According to studies, swimming can elevate your mental state and keep you in a good mood. Water aerobics these days is popular too. Water aerobics is another type of exercise that is done in water. It helps burn calories tremendously and tone up your body.
Walking is a simple exercise, but extremely powerful. It offers many benefits like weight loss, controlling cholesterol levels, strengthening of bones, controlling blood pressure, elevating your mood, and protecting you against killer diseases like diabetes and heart disease.
It is recommended that beginners start by walking for about 10 to 20 minutes. Over a period of time, you can start to walk longer distances and at greater speed. Walking for an hour a day on almost all days of the week is extremely beneficial.
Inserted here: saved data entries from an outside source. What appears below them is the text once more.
text \<open>With completely local transitions and a product policy, the law of (s(t), a(t)) is the
product of the laws of the agents' local pairs (s_j(t), a_j(t)), and agent i's policy enters
only the i-th factor. By the potential property, r_i - \<phi> does not depend on agent i's
component, so its expectation at every time t only sees the other factors and the total mass 1
of the i-th one; hence it is unchanged by a deviation of agent i. Summing the discounted series
(all expected rewards are bounded on the finite state and action spaces) gives the claim.\<close>

fun local_state_dist ::
  "'s set \<Rightarrow> 'a set \<Rightarrow> ('s \<Rightarrow> 'a \<Rightarrow> 's \<Rightarrow> real) \<Rightarrow> ('s \<Rightarrow> 'a \<Rightarrow> real) \<Rightarrow> 's \<Rightarrow> nat \<Rightarrow> 's \<Rightarrow> real"
where
  "local_state_dist Sj Aj Pj xj x0 0 = (\<lambda>x. if x = x0 then 1 else 0)"
| "local_state_dist Sj Aj Pj xj x0 (Suc t) = (\<lambda>x'.
     \<Sum>x\<in>Sj. local_state_dist Sj Aj Pj xj x0 t x * (\<Sum>y\<in>Aj. xj x y * Pj x y x'))"

definition local_sa_dist ::
  "'s set \<Rightarrow> 'a set \<Rightarrow> ('s \<Rightarrow> 'a \<Rightarrow> 's \<Rightarrow> real) \<Rightarrow> ('s \<Rightarrow> 'a \<Rightarrow> real) \<Rightarrow> 's \<Rightarrow> nat \<Rightarrow> 's \<Rightarrow> 'a \<Rightarrow> real"
where
  "local_sa_dist Sj Aj Pj xj x0 t x y = local_state_dist Sj Aj Pj xj x0 t x * xj x y"

lemma is_distr_local_state_dist:
  assumes "finite Sj" and policy: "local_policy Sj Aj xj"
    and kernel: "\<forall>x\<in>Sj. \<forall>y\<in>Aj. is_distr Sj (Pj x y)" and "x0 \<in> Sj"
  shows "is_distr Sj (local_state_dist Sj Aj Pj xj x0 t)"
proof (induction t)
  case 0
  then show ?case using assms by (simp add: is_distr_def)
next
  case (Suc t)
  let ?q = "local_state_dist Sj Aj Pj xj x0 t"
  have policy_nonneg: "\<And>x y. x \<in> Sj \<Longrightarrow> y \<in> Aj \<Longrightarrow> 0 \<le> xj x y"
    and policy_sum: "\<And>x. x \<in> Sj \<Longrightarrow> (\<Sum>y\<in>Aj. xj x y) = 1"
    using policy by (auto simp: local_policy_def is_distr_def)
  have kernel_nonneg: "\<And>x y x'. x \<in> Sj \<Longrightarrow> y \<in> Aj \<Longrightarrow> x' \<in> Sj \<Longrightarrow> 0 \<le> Pj x y x'"
    and kernel_sum: "\<And>x y. x \<in> Sj \<Longrightarrow> y \<in> Aj \<Longrightarrow> (\<Sum>x'\<in>Sj. Pj x y x') = 1"
    using kernel by (auto simp: is_distr_def)
  have "(\<Sum>x'\<in>Sj. local_state_dist Sj Aj Pj xj x0 (Suc t) x')
      = (\<Sum>x\<in>Sj. ?q x * (\<Sum>y\<in>Aj. xj x y * (\<Sum>x'\<in>Sj. Pj x y x')))"
  proof -
    have "(\<Sum>x'\<in>Sj. local_state_dist Sj Aj Pj xj x0 (Suc t) x')
        = (\<Sum>x\<in>Sj. \<Sum>x'\<in>Sj. ?q x * (\<Sum>y\<in>Aj. xj x y * Pj x y x'))"
      by (simp only: local_state_dist.simps) (rule sum.swap)
    also have "\<dots> = (\<Sum>x\<in>Sj. ?q x * (\<Sum>y\<in>Aj. \<Sum>x'\<in>Sj. xj x y * Pj x y x'))"
      by (simp only: sum_distrib_left sum.swap[where A = Sj and B = Aj])
    finally show ?thesis
      by (simp only: sum_distrib_left)
  qed
  also have "\<dots> = (\<Sum>x\<in>Sj. ?q x)"
    by (intro sum.cong refl) (simp add: kernel_sum policy_sum)
  finally show ?case
    using Suc policy_nonneg kernel_nonneg
    by (auto simp: is_distr_def intro!: sum_nonneg mult_nonneg_nonneg)
qed

lemma is_distr_bounds:
  fixes p :: "'b \<Rightarrow> real"
  assumes "is_distr X p" "finite X" "x \<in> X"
  shows "0 \<le> p x \<and> p x \<le> 1"
  using assms member_le_sum[of x X p] by (auto simp: is_distr_def)

lemma local_sa_dist_bounds:
  assumes "finite Sj" "finite Aj" and policy: "local_policy Sj Aj xj"
    and kernel: "\<forall>x\<in>Sj. \<forall>y\<in>Aj. is_distr Sj (Pj x y)" and "x0 \<in> Sj"
    and "x \<in> Sj" "y \<in> Aj"
  shows "0 \<le> local_sa_dist Sj Aj Pj xj x0 t x y \<and> local_sa_dist Sj Aj Pj xj x0 t x y \<le> 1"
proof -
  have "is_distr Sj (local_state_dist Sj Aj Pj xj x0 t)" and "is_distr Aj (xj x)"
    using is_distr_local_state_dist[OF _ policy kernel] assms
    by (auto simp: local_policy_def)
  then have "0 \<le> local_state_dist Sj Aj Pj xj x0 t x \<and> local_state_dist Sj Aj Pj xj x0 t x \<le> 1"
    and "0 \<le> xj x y \<and> xj x y \<le> 1"
    using assms by (simp_all add: is_distr_bounds)
  then show ?thesis
    by (simp add: local_sa_dist_def mult_le_one)
qed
Before doing any weight training exercise, you need to learn it correctly. It is recommended that you start with light weights that are just one or two pounds. Continue for couple of weeks; increase the weights slowly by a pound or two. If you can easily lift the same weights 10 times, it means you are ready to move to the next level.
Kegel exercises involve squeezing the pelvic muscles tightly. It’s the same kind of move like you would do to prevent from passing urine or gas. You need to hold the contraction for two seconds or so, then, release. Repeat the move 10 times. Make sure you do five sets per day. Kegel exercises will strengthen your pelvic muscles. The pelvic floor muscles support the womb, the bladder, and the bowels.
All the above are simple exercises and can easily be incorporated into a daily exercise routine. You can do these exercises at home or even at the office during breaks. All you have to do is plan your schedule and make a pledge that you want to take care of your health and overall wellness.